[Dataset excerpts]
(* For $q>-1$ and $x,y>0$ let $H(q,x,y)=\frac{1}{1+q}\int_{-1}^q\frac{(1+s)^2}{s^2}(1-e^{-sx})(1-e^{-sy})\,ds$, and for $X,Y>0$ let $$\tilde H(q,X,Y)=\frac{e^{-(X+Y)/(1+q)}}{(1+q)^2}\,H\Big(q,\frac{X}{1+q},\frac{Y}{1+q}\Big).$$ Then, for every sequence $q_n\to-1$ (with $q_n>-1$), $$\tilde H(q_n,X,Y)\to\frac{1}{(X+Y)^3}\int_0^{X+Y}\xi^2e^{-\xi}\,d\xi$$ locally uniformly in $(X,Y)\in(0,\infty)^2$. *)

theory Defs
  imports "HOL-Analysis.Analysis"
begin

text \<open>H(q,x,y) = 1/(1+q) * integral over [-1,q] of (1+s)^2/s^2 (1-e^(-sx))(1-e^(-sy)) ds.
  The integrand has a removable singularity at s = 0 (a single point, irrelevant for the integral).\<close>
definition H :: "real \<Rightarrow> real \<Rightarrow> real \<Rightarrow> real" where
  "H q x y = (1 / (1 + q)) *
     integral {-1..q} (\<lambda>s. (1 + s)^2 / s^2 * (1 - exp (- s * x)) * (1 - exp (- s * y)))"

definition Htilde :: "real \<Rightarrow> real \<Rightarrow> real \<Rightarrow> real" where
  "Htilde q X Y = exp (- (X + Y) / (1 + q)) / (1 + q)^2 * H q (X / (1 + q)) (Y / (1 + q))"

definition Hlim :: "real \<Rightarrow> real \<Rightarrow> real" where
  "Hlim X Y = 1 / (X + Y)^3 * integral {0..X + Y} (\<lambda>\<xi>. \<xi>^2 * exp (- \<xi>))"

end

theory Submission
  imports Defs
begin

text \<open>
  Put \<open>e = 1 + q\<close>. The substitution \<open>s = e t - 1\<close> turns \<open>Htilde q X Y\<close> into the integral over
  \<open>[0, 1]\<close> of \<open>t^2 / (1 - e t)^2 * (exp (-t X) - exp (-X/e)) * (exp (-t Y) - exp (-Y/e))\<close>, and the
  substitution \<open>\<xi> = (X + Y) t\<close> turns \<open>Hlim X Y\<close> into the integral over \<open>[0, 1]\<close> of
  \<open>t^2 * exp (-t (X + Y))\<close>. The weight satisfies \<open>1/(1 - e t)^2 = 1 + O(e)\<close>, and
  \<open>exp (-X/e) \<le> e/X\<close>, \<open>exp (-Y/e) \<le> e/Y\<close>; on a compact subset of the open quadrant both
  coordinates are at least some \<open>m > 0\<close>, so the integrands differ by at most \<open>e (8 + 2/m)\<close>
  uniformly there.
\<close>

lemma integral_affine_rescale:
  fixes f :: "real \<Rightarrow> real"
  assumes "f integrable_on {a..b}" "a \<le> b" "m > 0"
  shows "integral {(a - c) / m..(b - c) / m} (\<lambda>t. f (m * t + c)) = integral {a..b} f / m"
proof -
  have "(f has_integral integral {a..b} f) (cbox a b)"
    using assms(1) by (simp add: integrable_integral)
  from has_integral_affinity[OF this, of m c] assms(3)
  have "((\<lambda>t. f (m * t + c)) has_integral integral {a..b} f / m)
          ((\<lambda>x. (1 / m) * x + - ((1 / m) * c)) ` {a..b})"
    by simp
  moreover have "(\<lambda>x. (1 / m) * x + - ((1 / m) * c)) ` {a..b} = {(a - c) / m..(b - c) / m}"
    using assms(2,3) by (subst image_affinity_atLeastAtMost) (auto simp: field_simps)
  ultimately show ?thesis by (simp add: integral_unique)
qed

lemma uniform_limit_of_vanishing_bound:
  assumes "\<forall>\<^sub>F n in F. \<forall>x\<in>S. dist (f n x) (g x) \<le> b n"
    and "(b \<longlongrightarrow> 0) F"
  shows "uniform_limit S f g F"
  unfolding uniform_limit_iff
proof (intro allI impI)
  fix d :: real assume "d > 0"
  with assms(2) have "\<forall>\<^sub>F n in F. b n < d" by (simp add: order_tendstoD(2))
  with assms(1) show "\<forall>\<^sub>F n in F. \<forall>x\<in>S. dist (f n x) (g x) < d"
    by eventually_elim fastforce
qed

lemma compact_in_open_quadrant_bounded_away:
  assumes "compact K" "K \<subseteq> {p :: real \<times> real. fst p > 0 \<and> snd p > 0}"
  obtains m where "m > 0" "\<And>p. p \<in> K \<Longrightarrow> m \<le> fst p \<and> m \<le> snd p"
proof (cases "K = {}")
  case True
  then show ?thesis using that[of 1] by auto
next
  case False
  have "continuous_on K (\<lambda>p. min (fst p) (snd p))" by (intro continuous_intros)
  from continuous_attains_inf[OF assms(1) False this] obtain p0 where
    "p0 \<in> K" and p0_min: "\<And>p. p \<in> K \<Longrightarrow> min (fst p0) (snd p0) \<le> min (fst p) (snd p)"
    by auto
  with assms(2) have "min (fst p0) (snd p0) > 0" by auto
  with p0_min show ?thesis using that[of "min (fst p0) (snd p0)"] by force
qed

lemma exp_neg_le_inverse:
  fixes x :: real
  assumes "x > 0"
  shows "exp (- x) \<le> 1 / x"
proof -
  have "x \<le> exp x" using exp_ge_add_one_self[of x] by linarith
  with assms show ?thesis by (simp add: exp_minus field_simps)
qed

lemma perturbed_product_bound:
  fixes a b da db :: real
  assumes "0 \<le> da" "da \<le> a" "a \<le> 1" "0 \<le> db" "db \<le> b" "b \<le> 1"
  shows "\<bar>(a - da) * (b - db) - a * b\<bar> \<le> da + db"
proof -
  have "(a - da) * (b - db) - a * b = da * db - a * db - da * b" by (simp add: algebra_simps)
  moreover have "da * db \<le> a * db" "a * db \<le> db" "da * b \<le> da" "0 \<le> da * b" "0 \<le> da * db"
    using assms by (auto intro: mult_right_mono mult_left_le mult_left_le_one_le)
  ultimately show ?thesis unfolding abs_le_iff by linarith
qed

lemma inverse_square_one_minus_bound:
  fixes s :: real
  assumes "0 \<le> s" "s \<le> 1/2"
  shows "0 \<le> 1 / (1 - s)^2 - 1" "1 / (1 - s)^2 - 1 \<le> 8 * s"
proof -
  have "(1/2)^2 \<le> (1 - s)^2" using assms by (intro power_mono) auto
  moreover have "(1 - s)^2 \<le> 1" using assms by (intro power_le_one) auto
  ultimately have w: "1/4 \<le> (1 - s)^2" "(1 - s)^2 \<le> 1" by (simp_all add: power2_eq_square)
  with assms show "0 \<le> 1 / (1 - s)^2 - 1" by (simp add: le_divide_eq_1)
  have "1 / (1 - s)^2 - 1 = (s * (2 - s)) * (1 / (1 - s)^2)"
    using w by (simp add: field_simps power2_eq_square)
  also have "\<dots> \<le> (s * 2) * 4"
    using assms w by (intro mult_mono) (auto simp: field_simps)
  finally show "1 / (1 - s)^2 - 1 \<le> 8 * s" by simp
qed

text \<open>The integrand of \<open>Htilde (e - 1) X Y\<close> after substituting \<open>s = e t - 1\<close>, with the prefactor
  \<open>exp (-(X + Y)/e)\<close> absorbed into the factors \<open>1 - exp (-s X/e)\<close> and \<open>1 - exp (-s Y/e)\<close>.\<close>
definition rescaled_integrand :: "real \<Rightarrow> real \<Rightarrow> real \<Rightarrow> real \<Rightarrow> real" where
  "rescaled_integrand e X Y t =
     t^2 / (1 - e * t)^2 * ((exp (- t * X) - exp (- X / e)) * (exp (- t * Y) - exp (- Y / e)))"

definition limit_integrand :: "real \<Rightarrow> real \<Rightarrow> real \<Rightarrow> real" where
  "limit_integrand X Y t = t^2 * exp (- t * (X + Y))"

lemma continuous_on_rescaled_integrand:
  assumes "0 < e" "e < 1"
  shows "continuous_on {0..1} (rescaled_integrand e X Y)"
proof -
  have "(1 - e * t)^2 \<noteq> 0" if "t \<in> {0..1}" for t
  proof -
    have "e * t \<le> e" using that assms by (simp add: mult_left_le)
    with assms have "e * t < 1" by linarith
    then show ?thesis by simp
  qed
  then show ?thesis unfolding rescaled_integrand_def by (intro continuous_intros) auto
qed

lemma rescaled_integrand_approx:
  assumes "0 \<le> t" "t \<le> 1" "0 < e" "e \<le> 1/2" "m > 0" "m \<le> X" "m \<le> Y"
  shows "\<bar>rescaled_integrand e X Y t - limit_integrand X Y t\<bar> \<le> e * (8 + 2 / m)"
proof -
  define a where "a = exp (- t * X)"
  define b where "b = exp (- t * Y)"
  define da where "da = exp (- X / e)"
  define db where "db = exp (- Y / e)"
  define P where "P = (a - da) * (b - db)"
  define w where "w = 1 / (1 - e * t)^2"
  have "1 \<le> 1 / e" using assms by (simp add: field_simps)
  then have "t \<le> 1 / e" using assms by linarith
  then have "t * X \<le> X / e" "t * Y \<le> Y / e"
    using assms mult_right_mono[of t "1/e"] by auto
  then have ab: "0 \<le> da" "da \<le> a" "a \<le> 1" "0 \<le> db" "db \<le> b" "b \<le> 1"
    using assms unfolding a_def b_def da_def db_def by auto
  have "exp (- (X / e)) \<le> 1 / (X / e)" "exp (- (Y / e)) \<le> 1 / (Y / e)"
    using assms by (intro exp_neg_le_inverse; simp)+
  then have "da \<le> e / X" "db \<le> e / Y" unfolding da_def db_def by simp_all
  moreover have "e / X \<le> e / m" "e / Y \<le> e / m"
    using assms by (intro frac_le; simp)+
  ultimately have product_error: "\<bar>P - a * b\<bar> \<le> 2 * e / m"
    using perturbed_product_bound[OF ab] unfolding P_def by linarith
  have et: "0 \<le> e * t" "e * t \<le> e" using assms by (simp_all add: mult_left_le)
  with assms have "0 \<le> w - 1" "w - 1 \<le> 8 * (e * t)"
    unfolding w_def by (intro inverse_square_one_minus_bound; linarith)+
  with et have "0 \<le> w - 1" "w - 1 \<le> 8 * e" by linarith+
  moreover have "0 \<le> P" "P \<le> 1" using ab unfolding P_def by (auto intro: mult_le_one)
  ultimately have "\<bar>(w - 1) * P\<bar> \<le> 8 * e"
    using mult_left_mono[of P 1 "w - 1"] by (simp add: abs_mult)
  with product_error have "\<bar>(w - 1) * P + (P - a * b)\<bar> \<le> e * (8 + 2 / m)"
    by (simp add: algebra_simps)
  moreover have "rescaled_integrand e X Y t - limit_integrand X Y t
      = t^2 * ((w - 1) * P + (P - a * b))"
  proof -
    have "exp (- t * (X + Y)) = a * b"
      unfolding a_def b_def by (simp add: algebra_simps flip: exp_add)
    moreover have "rescaled_integrand e X Y t = t^2 * w * P"
      unfolding rescaled_integrand_def w_def P_def a_def b_def da_def db_def by simp
    ultimately show ?thesis unfolding limit_integrand_def by (simp add: algebra_simps)
  qed
  moreover have "t^2 \<le> 1" using assms by (simp add: power_le_one)
  ultimately show ?thesis
    using mult_left_le_one_le[of "\<bar>(w - 1) * P + (P - a * b)\<bar>" "t^2"] by (simp add: abs_mult)
qed

lemma Htilde_eq_integral_rescaled:
  assumes "-1 < q" "q < 0"
  shows "Htilde q X Y = integral {0..1} (rescaled_integrand (1 + q) X Y)"
proof -
  define e where "e = 1 + q"
  have e: "0 < e" "e < 1" using assms unfolding e_def by auto
  define f where "f = (\<lambda>s. (1 + s)^2 / s^2 * (1 - exp (- s * (X / e))) * (1 - exp (- s * (Y / e))))"
  have "continuous_on {-1..q} f" unfolding f_def using assms by (intro continuous_intros) auto
  then have "f integrable_on {-1..q}" by (rule integrable_continuous_real)
  from integral_affine_rescale[OF this, of e "-1"] assms e
  have substitution: "integral {0..1} (\<lambda>t. f (e * t - 1)) = integral {-1..q} f / e"
    by (simp add: e_def add.commute)
  have factor: "exp (- Z / e) * (1 - exp (- (e * t - 1) * (Z / e))) = - (exp (- t * Z) - exp (- Z / e))"
    for Z t :: real
  proof -
    have "- Z / e + - (e * t - 1) * (Z / e) = - t * Z" using e by (simp add: field_simps)
    then show ?thesis by (simp add: algebra_simps flip: exp_add)
  qed
  have integrand: "exp (- (X + Y) / e) / e^2 * f (e * t - 1) = rescaled_integrand e X Y t" for t
  proof -
    have "- (X + Y) / e = - X / e + - Y / e" by (simp add: diff_divide_distrib)
    then have exp_split: "exp (- (X + Y) / e) = exp (- X / e) * exp (- Y / e)" by (simp only: exp_add)
    have "exp (- (X + Y) / e) / e^2 * f (e * t - 1)
        = (1 + (e * t - 1))^2 / e^2 / (e * t - 1)^2
          * ((exp (- X / e) * (1 - exp (- (e * t - 1) * (X / e))))
          * (exp (- Y / e) * (1 - exp (- (e * t - 1) * (Y / e)))))"
      unfolding f_def exp_split by (simp add: divide_inverse mult_ac)
    also have "(1 + (e * t - 1))^2 / e^2 / (e * t - 1)^2 = t^2 / (1 - e * t)^2"
      using e by (simp add: power2_eq_square algebra_simps)
    also have "(exp (- X / e) * (1 - exp (- (e * t - 1) * (X / e))))
          * (exp (- Y / e) * (1 - exp (- (e * t - 1) * (Y / e))))
        = (exp (- t * X) - exp (- X / e)) * (exp (- t * Y) - exp (- Y / e))"
      by (simp only: factor minus_mult_minus)
    finally show ?thesis unfolding rescaled_integrand_def .
  qed
  have "Htilde q X Y = exp (- (X + Y) / e) / e^2 * integral {0..1} (\<lambda>t. f (e * t - 1))"
    unfolding Htilde_def H_def substitution by (simp add: e_def f_def)
  also have "\<dots> = integral {0..1} (\<lambda>t. exp (- (X + Y) / e) / e^2 * f (e * t - 1))"
    by simp
  also have "\<dots> = integral {0..1} (rescaled_integrand e X Y)"
    unfolding integrand ..
  finally show ?thesis unfolding e_def .
qed

lemma Hlim_eq_integral_limit:
  assumes "X + Y > 0"
  shows "Hlim X Y = integral {0..1} (limit_integrand X Y)"
proof -
  define Z where "Z = X + Y"
  define g where "g = (\<lambda>\<xi>::real. \<xi>^2 * exp (- \<xi>))"
  have "g integrable_on {0..Z}" unfolding g_def by (intro integrable_continuous_real continuous_intros)
  from integral_affine_rescale[OF this, of Z 0] assms
  have substitution: "integral {0..1} (\<lambda>t. g (Z * t)) = integral {0..Z} g / Z"
    by (simp add: Z_def)
  have "integral {0..1} (limit_integrand X Y) = integral {0..1} (\<lambda>t. g (Z * t) / Z^2)"
    using assms by (intro integral_cong)
      (simp add: limit_integrand_def g_def Z_def power_mult_distrib mult.commute)
  also have "\<dots> = integral {0..Z} g / Z^3"
    using substitution assms by (simp add: Z_def power3_eq_cube power2_eq_square)
  finally show ?thesis unfolding Hlim_def g_def Z_def by (simp add: divide_inverse mult.commute)
qed

lemma dist_Htilde_Hlim_le:
  assumes "-1 < q" "q \<le> -1/2" "m > 0" "m \<le> X" "m \<le> Y"
  shows "dist (Htilde q X Y) (Hlim X Y) \<le> (1 + q) * (8 + 2 / m)"
proof -
  define e where "e = 1 + q"
  have e: "0 < e" "e \<le> 1/2" using assms unfolding e_def by auto
  have rescaled_integrable: "rescaled_integrand e X Y integrable_on {0..1}"
    using continuous_on_rescaled_integrand[of e X Y] e by (simp add: integrable_continuous_real)
  moreover have limit_integrable: "limit_integrand X Y integrable_on {0..1}"
    unfolding limit_integrand_def by (intro integrable_continuous_real continuous_intros)
  ultimately have "Htilde q X Y - Hlim X Y
      = integral (cbox 0 1) (\<lambda>t. rescaled_integrand e X Y t - limit_integrand X Y t)"
    using assms Htilde_eq_integral_rescaled[of q X Y] Hlim_eq_integral_limit[of X Y]
    by (simp add: integral_diff e_def)
  also have "norm \<dots> \<le> e * (8 + 2 / m) * measure lborel (cbox 0 (1::real))"
    using e assms rescaled_integrand_approx[of _ e m X Y] rescaled_integrable limit_integrable
    by (intro integrable_bound integrable_diff) auto
  finally show ?thesis unfolding dist_real_def e_def by simp
qed

theorem lemma3p10:
  fixes q :: "nat \<Rightarrow> real"
  assumes "\<And>n. q n > -1"
    and "q \<longlonglongrightarrow> -1"
  shows "\<And>K. compact K \<Longrightarrow> K \<subseteq> {p :: real \<times> real. fst p > 0 \<and> snd p > 0} \<Longrightarrow>
           uniform_limit K (\<lambda>n p. Htilde (q n) (fst p) (snd p)) (\<lambda>p. Hlim (fst p) (snd p)) sequentially"
proof -
  fix K :: "(real \<times> real) set"
  assume K: "compact K" "K \<subseteq> {p :: real \<times> real. fst p > 0 \<and> snd p > 0}"
  obtain m where m: "m > 0" "\<And>p. p \<in> K \<Longrightarrow> m \<le> fst p \<and> m \<le> snd p"
    using compact_in_open_quadrant_bounded_away[OF K] by blast
  have "\<forall>\<^sub>F n in sequentially. q n < -1/2"
    using assms(2) by (simp add: order_tendstoD(2))
  then have "\<forall>\<^sub>F n in sequentially. \<forall>p\<in>K.
      dist (Htilde (q n) (fst p) (snd p)) (Hlim (fst p) (snd p)) \<le> (1 + q n) * (8 + 2 / m)"
    by eventually_elim (use assms(1) m in \<open>auto intro: dist_Htilde_Hlim_le\<close>)
  moreover have "((\<lambda>n. (1 + q n) * (8 + 2 / m)) \<longlongrightarrow> 0) sequentially"
    using assms(2) by (auto intro!: tendsto_eq_intros)
  ultimately show "uniform_limit K (\<lambda>n p. Htilde (q n) (fst p) (snd p)) (\<lambda>p. Hlim (fst p) (snd p)) sequentially"
    by (rule uniform_limit_of_vanishing_bound)
qed

end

_What you are asked to do_
For every line of the records above that holds the word "sequentially", count one, and state the total only.

_Answer section_
5